Милая, добрая старушка! Что осталось теперь от этой мирной идиллии? — Боюсь, что она не выдержала новых более серьезных испытаний и сметена волной петлюровщины и шедших по ее пятам большевиков. Второе водворение их на прежнем месте всегда обходится хуже первого.

Мы застали в Киеве Вас. Алекс. Степанова, который проездом в Добровольческую Армию хотел повидать Милюкова. Он ехал с французом Gaulquier, которого надо было тщательно прятать от немецкого наблюдения. Последний ехал с польским паспортом, но был очень неосторожен.

Свидание со Степановым, который раньше всегда беспрекословно подчинялся авторитету Милюкова, показало последнему, как разошлась с ним его партия. В Милюкове была ценная черта — его силы воли и самостоятельности суждения. Эта последняя особенность развилась у него с летами. В более ранние годы его упрекали в заигрывании с левыми, теперь такой упрек был бы положительно несправедлив. Он совершенно не считался с вопросом о личной популярности и с левыми течениями. Ему, конечно, было тяжело остаться в одиночестве, покинутым своей партией, в которой он играл роль непогрешимого папы, но в нем была большая доля упорства и много задора в характере. Это был человек боевой и любивший бороться. Со времени переворота во мне не раз вызывал уважение его самостоятельный образ мысли, но я должен признать, что к этому ценному качеству прибавлялся и сильный недостаток чутья и такта. Он пересолил и в вопросах об ориентации и был неосторожен. Ибо одно было допускать возможность соглашения с Германией, если бы она пошла на приемлемые для нас условия, а другое — это поверить, что оно непременно осуществится, как это, по-видимому, и случилось с Милюковым. А произошло это потому, что он был мозговик и доктринер, и когда он приходил к выводу, что такое решение разумно, он мало учитывал, что в больших решениях последнее слово останется не за мозгом, а за другими факторами. Так было и в вопросе германской ориентации. Во всяком случае, ему, лидеру к.-д. партии, не следовало себя компрометировать слишком определенными открытыми заявлениями о желательности соглашения с Германией, которые производили особенно странное впечатление, после того что немцы выслали его из Киева.

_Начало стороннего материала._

lemma card_E_kernel_eq:
  "card E_kernel = card {h \<in> E_kernel. even (transl h)} * card ((\<lambda>h. transl h mod 2) ` E_kernel)"
proof (rule hol.card_eq_card_kernel_mult_card_image[OF E_kernel_subgroup])
  show "finite E_kernel"
    using finite_subset[OF _ finite_G] by (auto simp: E_kernel_def)
  show "transl x mod 2 = transl y mod 2 \<longleftrightarrow>
      inv\<^bsub>Hol\<^esub> x \<otimes>\<^bsub>Hol\<^esub> y \<in> {h \<in> E_kernel. even (transl h)}"
    if "x \<in> E_kernel" "y \<in> E_kernel" for x y
    using that crossed_hom_dvd_diff_iff[OF crossed_hom_transl _ E_kernel_carrier E_kernel_carrier,
        of 2 x y] even_n subgroup.m_closed[OF E_kernel_subgroup]
      subgroup.m_inv_closed[OF E_kernel_subgroup]
    by (auto simp: mod_eq_dvd_iff dvd_diff_commute)
qed blast

lemma card_even_E_kernel: "2 ^ eps \<le> card {h \<in> E_kernel. even (transl h)}"
proof -
  have "card (E ` G) \<le> card (multiples eps)"
    using pow2_eps_dvd_E E_range G_carrier
    by (intro card_mono[OF finite_multiples]) (auto simp: multiples_def)
  then have "card (E ` G) \<le> 2 ^ (e - eps)"
    using card_multiples eps_less by simp
  moreover have "card ((\<lambda>h. transl h mod 2) ` E_kernel) \<le> 2"
    using card_mono[of "{0, 1}" "(\<lambda>h. transl h mod 2) ` E_kernel"] by fastforce
  ultimately have "card G \<le> card {h \<in> E_kernel. even (transl h)} * 2 * 2 ^ (e - eps)"
    unfolding card_G_eq card_E_kernel_eq by (intro mult_le_mono) simp_all
  moreover have "2 * (2 ^ eps * 2 ^ (e - eps)) \<le> card G"
    using card_G_ge eps_less by (simp flip: power_add)
  ultimately have
    "2 * (2 ^ eps * 2 ^ (e - eps)) \<le> card {h \<in> E_kernel. even (transl h)} * 2 * 2 ^ (e - eps)"
    by (rule order_trans[rotated])
  then show ?thesis by simp
qed

lemma coef_mod_4:
  assumes "h \<in> E_kernel" "even (transl h)"
  shows "coef h mod 4 = 1"
proof -
  obtain a b where "kappa = 2 * a" "transl h = 2 * b"
    using even_kappa assms(2) by (auto elim!: evenE)
  then have k: "kappa * transl h = 4 * (a * b)" by simp
  have "coef h = (1 + kappa * transl h) mod n"
    using assms(1) cocycle_eq_0_iff[OF E_kernel_carrier[OF assms(1)]] by (simp add: E_kernel_def)
  moreover have "(4::int) dvd n"
    using pow2_dvd_n[of 2] exponent_ge_2 by simp
  ultimately have "coef h mod 4 = (1 + kappa * transl h) mod 4"
    by (simp add: mod_mod_cancel)
  also have "\<dots> = 1" by (simp add: k)
  finally show ?thesis .
qed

Я пробыл еще некоторое время в Киеве. Новых впечатлений за это время не прибавилось. В Киев приехал из Москвы А. В. Кривошеин. Он скоро стал в самом центре политического водоворота. По его просьбе, я составил записку, в которой изложил главные основы возможного нашего соглашения с Германией. Записка была анонимна. Ее должен был передать немцам Ф. В. Шлиппе, бывший председатель Московской губернской земской управы, которому также пришлось бежать из Москвы. Он и там поддерживал с немцами отношения. Это был очень милый и верный человек, и хотя был убежденным сторонником соглашения с немцами, однако не был способен поступиться ради этого достоинством России. В мою записку, по его просьбе, я внес поправки, усиливавшие ее. Записка была прочитана и Милюковым, ее одобрившим. Впоследствии, когда в Киеве образовался Совет государственного объединения, он ее принял в качестве своей программы. Прилагаю здесь эту записку.

 

_______________
*) Барон Б. Э. Нольде, которому поручено было Правым Центром вести переговоры с германцами. Он жил летом в Павловске под Петроградом, и приезжал в Москву.